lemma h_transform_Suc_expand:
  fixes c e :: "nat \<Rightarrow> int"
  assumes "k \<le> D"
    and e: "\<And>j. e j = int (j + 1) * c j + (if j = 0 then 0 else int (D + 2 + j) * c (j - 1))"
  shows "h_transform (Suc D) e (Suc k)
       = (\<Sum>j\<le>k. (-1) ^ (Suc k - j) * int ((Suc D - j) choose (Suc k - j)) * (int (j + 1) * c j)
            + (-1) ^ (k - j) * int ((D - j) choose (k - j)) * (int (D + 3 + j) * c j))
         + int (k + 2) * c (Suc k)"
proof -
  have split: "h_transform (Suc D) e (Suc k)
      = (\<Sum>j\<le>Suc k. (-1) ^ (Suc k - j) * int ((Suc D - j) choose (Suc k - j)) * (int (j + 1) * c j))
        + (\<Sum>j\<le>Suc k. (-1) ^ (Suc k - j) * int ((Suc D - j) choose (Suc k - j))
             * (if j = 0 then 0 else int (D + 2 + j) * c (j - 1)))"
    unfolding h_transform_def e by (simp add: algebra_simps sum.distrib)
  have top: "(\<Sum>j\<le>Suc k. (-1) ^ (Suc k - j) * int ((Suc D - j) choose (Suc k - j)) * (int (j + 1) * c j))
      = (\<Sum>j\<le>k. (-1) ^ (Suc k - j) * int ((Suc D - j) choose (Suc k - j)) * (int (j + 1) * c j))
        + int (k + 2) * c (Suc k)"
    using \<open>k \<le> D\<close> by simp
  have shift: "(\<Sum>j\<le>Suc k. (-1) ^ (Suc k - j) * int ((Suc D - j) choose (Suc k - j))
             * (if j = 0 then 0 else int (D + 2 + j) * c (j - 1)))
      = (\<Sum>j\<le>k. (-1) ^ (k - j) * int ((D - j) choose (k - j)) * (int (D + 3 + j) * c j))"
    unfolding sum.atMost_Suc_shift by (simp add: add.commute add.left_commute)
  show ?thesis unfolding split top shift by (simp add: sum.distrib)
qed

========================================

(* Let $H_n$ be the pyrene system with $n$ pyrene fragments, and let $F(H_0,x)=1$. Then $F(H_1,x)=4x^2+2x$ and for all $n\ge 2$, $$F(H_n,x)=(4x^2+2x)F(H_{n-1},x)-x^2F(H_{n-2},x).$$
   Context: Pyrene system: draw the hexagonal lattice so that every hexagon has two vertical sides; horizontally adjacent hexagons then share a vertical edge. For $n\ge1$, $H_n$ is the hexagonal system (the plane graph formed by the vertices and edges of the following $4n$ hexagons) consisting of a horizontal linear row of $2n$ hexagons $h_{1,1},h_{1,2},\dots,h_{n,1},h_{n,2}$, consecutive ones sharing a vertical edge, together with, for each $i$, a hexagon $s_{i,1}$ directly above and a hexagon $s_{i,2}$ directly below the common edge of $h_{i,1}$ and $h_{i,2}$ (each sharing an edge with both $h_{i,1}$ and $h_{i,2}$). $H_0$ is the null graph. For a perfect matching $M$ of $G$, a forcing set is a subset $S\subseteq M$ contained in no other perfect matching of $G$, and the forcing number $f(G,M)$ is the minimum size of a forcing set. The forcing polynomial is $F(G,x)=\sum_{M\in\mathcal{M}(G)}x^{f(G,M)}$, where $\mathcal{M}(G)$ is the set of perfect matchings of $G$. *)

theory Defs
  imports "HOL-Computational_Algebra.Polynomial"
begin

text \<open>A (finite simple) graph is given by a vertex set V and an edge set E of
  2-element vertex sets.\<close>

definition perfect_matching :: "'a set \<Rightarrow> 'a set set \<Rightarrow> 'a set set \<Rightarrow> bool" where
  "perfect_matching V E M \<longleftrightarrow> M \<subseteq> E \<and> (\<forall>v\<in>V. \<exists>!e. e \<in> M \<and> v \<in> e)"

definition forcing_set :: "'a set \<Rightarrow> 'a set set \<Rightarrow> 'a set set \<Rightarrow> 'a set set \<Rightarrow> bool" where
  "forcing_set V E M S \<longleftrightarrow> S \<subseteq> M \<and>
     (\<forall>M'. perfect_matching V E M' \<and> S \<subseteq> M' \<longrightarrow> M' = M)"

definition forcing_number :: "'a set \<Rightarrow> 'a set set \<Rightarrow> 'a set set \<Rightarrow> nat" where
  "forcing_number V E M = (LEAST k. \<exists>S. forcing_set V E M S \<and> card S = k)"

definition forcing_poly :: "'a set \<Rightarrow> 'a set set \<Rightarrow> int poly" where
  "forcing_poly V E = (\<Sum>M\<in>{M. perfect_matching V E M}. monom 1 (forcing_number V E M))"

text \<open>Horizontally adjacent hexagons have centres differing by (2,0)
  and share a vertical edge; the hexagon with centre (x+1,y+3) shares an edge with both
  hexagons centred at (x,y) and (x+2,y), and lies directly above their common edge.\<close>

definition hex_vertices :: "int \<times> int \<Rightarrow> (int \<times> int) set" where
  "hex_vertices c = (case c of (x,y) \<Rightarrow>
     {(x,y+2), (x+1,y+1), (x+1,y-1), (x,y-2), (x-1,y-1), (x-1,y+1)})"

========================================

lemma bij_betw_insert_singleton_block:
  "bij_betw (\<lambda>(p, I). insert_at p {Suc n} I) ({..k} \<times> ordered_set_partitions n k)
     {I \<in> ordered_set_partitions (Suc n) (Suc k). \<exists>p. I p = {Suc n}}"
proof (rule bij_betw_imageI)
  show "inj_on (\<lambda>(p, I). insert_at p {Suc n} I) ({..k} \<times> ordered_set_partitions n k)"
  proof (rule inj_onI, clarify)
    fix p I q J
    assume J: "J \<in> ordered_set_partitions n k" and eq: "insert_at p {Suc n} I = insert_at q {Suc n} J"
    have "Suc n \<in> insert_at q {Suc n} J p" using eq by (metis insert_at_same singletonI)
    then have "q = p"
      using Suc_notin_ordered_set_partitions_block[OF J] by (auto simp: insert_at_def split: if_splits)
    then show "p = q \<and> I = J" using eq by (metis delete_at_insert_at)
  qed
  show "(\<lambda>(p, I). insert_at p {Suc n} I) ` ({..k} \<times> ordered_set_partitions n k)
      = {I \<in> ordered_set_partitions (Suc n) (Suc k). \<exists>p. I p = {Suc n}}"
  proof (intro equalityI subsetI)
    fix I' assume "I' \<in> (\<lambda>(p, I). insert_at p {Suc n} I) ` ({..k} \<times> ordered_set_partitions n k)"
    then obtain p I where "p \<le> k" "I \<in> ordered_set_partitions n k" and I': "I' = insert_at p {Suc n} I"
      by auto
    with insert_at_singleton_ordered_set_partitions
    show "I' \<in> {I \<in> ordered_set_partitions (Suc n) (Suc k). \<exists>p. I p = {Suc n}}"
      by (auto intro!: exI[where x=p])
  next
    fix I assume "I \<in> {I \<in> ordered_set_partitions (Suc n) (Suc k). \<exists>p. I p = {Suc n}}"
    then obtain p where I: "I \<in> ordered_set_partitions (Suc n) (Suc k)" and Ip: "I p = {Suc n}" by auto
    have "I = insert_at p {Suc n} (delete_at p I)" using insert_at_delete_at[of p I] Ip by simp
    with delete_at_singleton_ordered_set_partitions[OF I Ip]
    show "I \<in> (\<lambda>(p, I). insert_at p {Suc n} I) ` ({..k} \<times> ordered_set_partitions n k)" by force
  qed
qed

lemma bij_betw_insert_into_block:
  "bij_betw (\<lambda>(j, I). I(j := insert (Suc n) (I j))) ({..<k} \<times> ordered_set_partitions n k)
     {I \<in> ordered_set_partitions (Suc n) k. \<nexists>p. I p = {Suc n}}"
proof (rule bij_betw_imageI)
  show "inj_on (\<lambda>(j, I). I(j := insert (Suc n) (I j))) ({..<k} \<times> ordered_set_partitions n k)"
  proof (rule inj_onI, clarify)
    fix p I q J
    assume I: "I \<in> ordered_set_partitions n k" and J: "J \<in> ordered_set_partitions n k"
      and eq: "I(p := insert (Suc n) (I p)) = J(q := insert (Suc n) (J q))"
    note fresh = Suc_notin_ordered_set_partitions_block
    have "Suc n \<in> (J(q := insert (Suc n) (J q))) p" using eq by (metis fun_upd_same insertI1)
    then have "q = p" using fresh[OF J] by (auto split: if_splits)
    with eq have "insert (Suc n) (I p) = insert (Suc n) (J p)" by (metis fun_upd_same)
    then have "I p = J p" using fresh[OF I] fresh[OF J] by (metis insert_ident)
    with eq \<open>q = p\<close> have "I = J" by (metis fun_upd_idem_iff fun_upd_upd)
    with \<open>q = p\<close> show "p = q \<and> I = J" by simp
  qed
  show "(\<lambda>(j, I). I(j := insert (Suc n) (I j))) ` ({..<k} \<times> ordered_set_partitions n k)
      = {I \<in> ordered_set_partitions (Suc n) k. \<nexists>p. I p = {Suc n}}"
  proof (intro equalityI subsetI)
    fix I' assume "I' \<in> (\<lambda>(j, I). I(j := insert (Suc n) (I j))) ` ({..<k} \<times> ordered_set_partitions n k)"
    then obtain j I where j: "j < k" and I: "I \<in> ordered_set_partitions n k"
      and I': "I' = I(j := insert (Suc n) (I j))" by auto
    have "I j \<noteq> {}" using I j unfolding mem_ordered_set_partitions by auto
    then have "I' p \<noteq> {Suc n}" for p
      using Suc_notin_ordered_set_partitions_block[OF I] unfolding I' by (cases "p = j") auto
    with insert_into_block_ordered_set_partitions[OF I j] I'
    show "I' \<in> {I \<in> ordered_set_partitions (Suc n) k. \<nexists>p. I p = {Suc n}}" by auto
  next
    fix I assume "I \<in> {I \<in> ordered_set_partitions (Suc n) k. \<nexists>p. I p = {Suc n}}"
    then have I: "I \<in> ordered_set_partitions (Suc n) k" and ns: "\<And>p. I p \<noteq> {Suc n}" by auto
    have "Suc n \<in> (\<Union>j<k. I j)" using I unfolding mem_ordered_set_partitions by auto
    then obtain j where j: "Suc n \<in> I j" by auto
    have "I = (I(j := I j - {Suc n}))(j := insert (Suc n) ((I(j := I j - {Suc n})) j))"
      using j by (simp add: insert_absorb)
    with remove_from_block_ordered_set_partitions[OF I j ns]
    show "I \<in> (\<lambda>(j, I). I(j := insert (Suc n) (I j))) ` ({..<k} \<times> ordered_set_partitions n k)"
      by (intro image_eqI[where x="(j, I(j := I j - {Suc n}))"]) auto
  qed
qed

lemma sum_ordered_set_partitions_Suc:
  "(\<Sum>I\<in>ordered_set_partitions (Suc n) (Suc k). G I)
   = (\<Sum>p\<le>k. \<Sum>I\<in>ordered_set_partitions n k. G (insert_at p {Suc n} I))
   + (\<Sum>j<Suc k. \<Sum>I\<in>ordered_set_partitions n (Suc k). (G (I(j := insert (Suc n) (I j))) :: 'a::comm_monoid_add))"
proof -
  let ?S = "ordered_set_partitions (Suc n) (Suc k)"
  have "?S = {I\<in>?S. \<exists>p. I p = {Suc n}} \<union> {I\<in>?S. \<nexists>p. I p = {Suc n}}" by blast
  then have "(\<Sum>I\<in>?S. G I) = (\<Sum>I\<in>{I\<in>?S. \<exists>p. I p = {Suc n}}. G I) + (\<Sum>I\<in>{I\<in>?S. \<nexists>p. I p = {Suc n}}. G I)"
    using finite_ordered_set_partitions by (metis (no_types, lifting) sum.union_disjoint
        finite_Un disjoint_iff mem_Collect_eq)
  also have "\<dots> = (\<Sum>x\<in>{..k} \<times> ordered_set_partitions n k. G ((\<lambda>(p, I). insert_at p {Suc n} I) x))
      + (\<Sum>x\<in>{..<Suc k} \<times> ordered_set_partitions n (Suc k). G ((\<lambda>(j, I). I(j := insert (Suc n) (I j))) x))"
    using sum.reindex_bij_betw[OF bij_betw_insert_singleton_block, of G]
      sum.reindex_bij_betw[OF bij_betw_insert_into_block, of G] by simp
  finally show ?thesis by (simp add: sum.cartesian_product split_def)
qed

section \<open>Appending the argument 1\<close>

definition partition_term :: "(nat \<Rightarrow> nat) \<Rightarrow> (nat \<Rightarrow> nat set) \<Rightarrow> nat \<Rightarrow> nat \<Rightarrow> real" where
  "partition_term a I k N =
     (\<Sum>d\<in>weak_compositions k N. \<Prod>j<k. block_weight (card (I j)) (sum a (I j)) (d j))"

========================================

Show each line from the material above where the string "thesis" can be found.

## Response area:
  show ?thesis unfolding split top shift by (simp add: sum.distrib)
  finally show ?thesis by (simp add: sum.cartesian_product split_def)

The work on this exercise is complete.